Work to be completed —
Reproduce exactly the lines of the material beneath, from the line that contains "C <-f- A \<subseteq>" to the line that contains "continuous_map C Z", both included, and no other lines.

Source records —
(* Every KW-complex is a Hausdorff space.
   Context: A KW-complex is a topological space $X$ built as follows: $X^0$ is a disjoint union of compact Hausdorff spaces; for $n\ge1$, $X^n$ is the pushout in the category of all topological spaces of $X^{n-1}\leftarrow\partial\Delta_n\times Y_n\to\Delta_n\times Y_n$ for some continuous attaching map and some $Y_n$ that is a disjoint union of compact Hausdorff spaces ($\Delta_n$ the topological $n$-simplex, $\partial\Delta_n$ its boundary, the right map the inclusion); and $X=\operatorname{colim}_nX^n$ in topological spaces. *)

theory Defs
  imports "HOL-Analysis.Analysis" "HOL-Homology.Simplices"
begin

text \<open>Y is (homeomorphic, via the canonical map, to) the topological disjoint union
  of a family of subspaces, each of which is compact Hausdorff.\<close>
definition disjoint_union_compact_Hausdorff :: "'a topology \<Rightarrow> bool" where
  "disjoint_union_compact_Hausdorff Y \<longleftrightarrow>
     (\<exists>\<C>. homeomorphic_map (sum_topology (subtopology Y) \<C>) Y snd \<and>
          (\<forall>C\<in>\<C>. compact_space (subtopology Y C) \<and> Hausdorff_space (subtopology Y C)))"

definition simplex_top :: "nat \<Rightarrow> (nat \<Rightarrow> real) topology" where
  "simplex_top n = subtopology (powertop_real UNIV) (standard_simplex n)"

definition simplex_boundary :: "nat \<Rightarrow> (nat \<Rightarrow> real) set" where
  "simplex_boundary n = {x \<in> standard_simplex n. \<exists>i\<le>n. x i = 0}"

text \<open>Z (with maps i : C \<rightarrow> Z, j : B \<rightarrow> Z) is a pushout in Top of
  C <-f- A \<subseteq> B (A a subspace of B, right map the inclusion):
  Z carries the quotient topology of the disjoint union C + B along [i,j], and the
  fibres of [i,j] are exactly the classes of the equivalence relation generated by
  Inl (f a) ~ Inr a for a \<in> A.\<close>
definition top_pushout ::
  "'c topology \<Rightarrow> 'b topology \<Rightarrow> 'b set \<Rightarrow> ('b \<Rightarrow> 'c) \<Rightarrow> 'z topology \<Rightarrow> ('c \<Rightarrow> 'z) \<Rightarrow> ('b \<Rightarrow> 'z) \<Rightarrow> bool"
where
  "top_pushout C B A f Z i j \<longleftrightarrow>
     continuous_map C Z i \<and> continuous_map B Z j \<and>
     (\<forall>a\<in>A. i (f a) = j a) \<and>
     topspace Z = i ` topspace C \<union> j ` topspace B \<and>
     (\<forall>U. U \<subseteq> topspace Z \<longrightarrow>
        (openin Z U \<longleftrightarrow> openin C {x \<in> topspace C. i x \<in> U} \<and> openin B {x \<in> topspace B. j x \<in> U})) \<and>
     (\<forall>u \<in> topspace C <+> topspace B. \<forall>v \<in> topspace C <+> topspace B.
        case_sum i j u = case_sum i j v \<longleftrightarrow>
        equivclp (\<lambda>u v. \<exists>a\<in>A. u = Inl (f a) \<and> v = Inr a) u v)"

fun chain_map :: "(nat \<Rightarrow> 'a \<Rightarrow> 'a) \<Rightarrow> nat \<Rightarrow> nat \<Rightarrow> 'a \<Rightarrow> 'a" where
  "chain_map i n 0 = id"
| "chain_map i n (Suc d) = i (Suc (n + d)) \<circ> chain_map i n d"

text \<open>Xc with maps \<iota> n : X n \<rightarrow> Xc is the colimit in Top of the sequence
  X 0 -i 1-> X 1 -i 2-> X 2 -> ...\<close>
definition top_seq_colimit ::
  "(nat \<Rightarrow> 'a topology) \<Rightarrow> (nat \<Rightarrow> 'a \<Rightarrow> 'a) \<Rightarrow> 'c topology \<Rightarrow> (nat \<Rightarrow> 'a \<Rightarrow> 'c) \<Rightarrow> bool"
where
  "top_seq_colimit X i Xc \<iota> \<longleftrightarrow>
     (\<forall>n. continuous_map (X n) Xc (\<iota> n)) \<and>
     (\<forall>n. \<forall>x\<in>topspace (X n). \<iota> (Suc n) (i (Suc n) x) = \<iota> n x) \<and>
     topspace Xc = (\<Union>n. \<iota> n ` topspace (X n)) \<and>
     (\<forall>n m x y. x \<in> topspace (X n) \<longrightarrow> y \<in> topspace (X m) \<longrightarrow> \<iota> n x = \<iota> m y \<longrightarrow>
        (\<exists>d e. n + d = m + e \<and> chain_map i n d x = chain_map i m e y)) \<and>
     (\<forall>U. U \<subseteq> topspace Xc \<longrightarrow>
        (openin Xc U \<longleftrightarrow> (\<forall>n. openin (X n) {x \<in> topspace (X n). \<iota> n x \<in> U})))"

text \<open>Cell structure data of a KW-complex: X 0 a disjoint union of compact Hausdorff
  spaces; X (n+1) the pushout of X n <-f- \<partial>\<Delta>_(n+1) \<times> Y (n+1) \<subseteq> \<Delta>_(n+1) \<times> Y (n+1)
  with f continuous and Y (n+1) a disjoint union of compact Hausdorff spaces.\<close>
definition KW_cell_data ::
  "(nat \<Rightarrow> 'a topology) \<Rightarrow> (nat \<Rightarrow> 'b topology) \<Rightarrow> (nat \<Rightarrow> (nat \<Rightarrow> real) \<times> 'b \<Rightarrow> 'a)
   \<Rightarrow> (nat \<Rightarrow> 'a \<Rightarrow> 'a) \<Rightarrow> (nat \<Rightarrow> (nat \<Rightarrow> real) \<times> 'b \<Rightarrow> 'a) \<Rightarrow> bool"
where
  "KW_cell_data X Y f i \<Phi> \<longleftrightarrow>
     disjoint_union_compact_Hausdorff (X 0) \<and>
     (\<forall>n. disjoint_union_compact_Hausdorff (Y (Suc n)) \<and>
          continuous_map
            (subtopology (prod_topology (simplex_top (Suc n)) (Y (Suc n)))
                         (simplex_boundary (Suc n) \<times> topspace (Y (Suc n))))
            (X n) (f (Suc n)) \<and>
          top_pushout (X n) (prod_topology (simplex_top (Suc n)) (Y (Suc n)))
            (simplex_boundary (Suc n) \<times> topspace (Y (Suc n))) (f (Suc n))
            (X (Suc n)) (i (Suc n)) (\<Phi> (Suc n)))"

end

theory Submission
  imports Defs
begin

Result of the exercise —
  C <-f- A \<subseteq> B (A a subspace of B, right map the inclusion):
  Z carries the quotient topology of the disjoint union C + B along [i,j], and the
  fibres of [i,j] are exactly the classes of the equivalence relation generated by
  Inl (f a) ~ Inr a for a \<in> A.\<close>
definition top_pushout ::
  "'c topology \<Rightarrow> 'b topology \<Rightarrow> 'b set \<Rightarrow> ('b \<Rightarrow> 'c) \<Rightarrow> 'z topology \<Rightarrow> ('c \<Rightarrow> 'z) \<Rightarrow> ('b \<Rightarrow> 'z) \<Rightarrow> bool"
where
  "top_pushout C B A f Z i j \<longleftrightarrow>
     continuous_map C Z i \<and> continuous_map B Z j \<and>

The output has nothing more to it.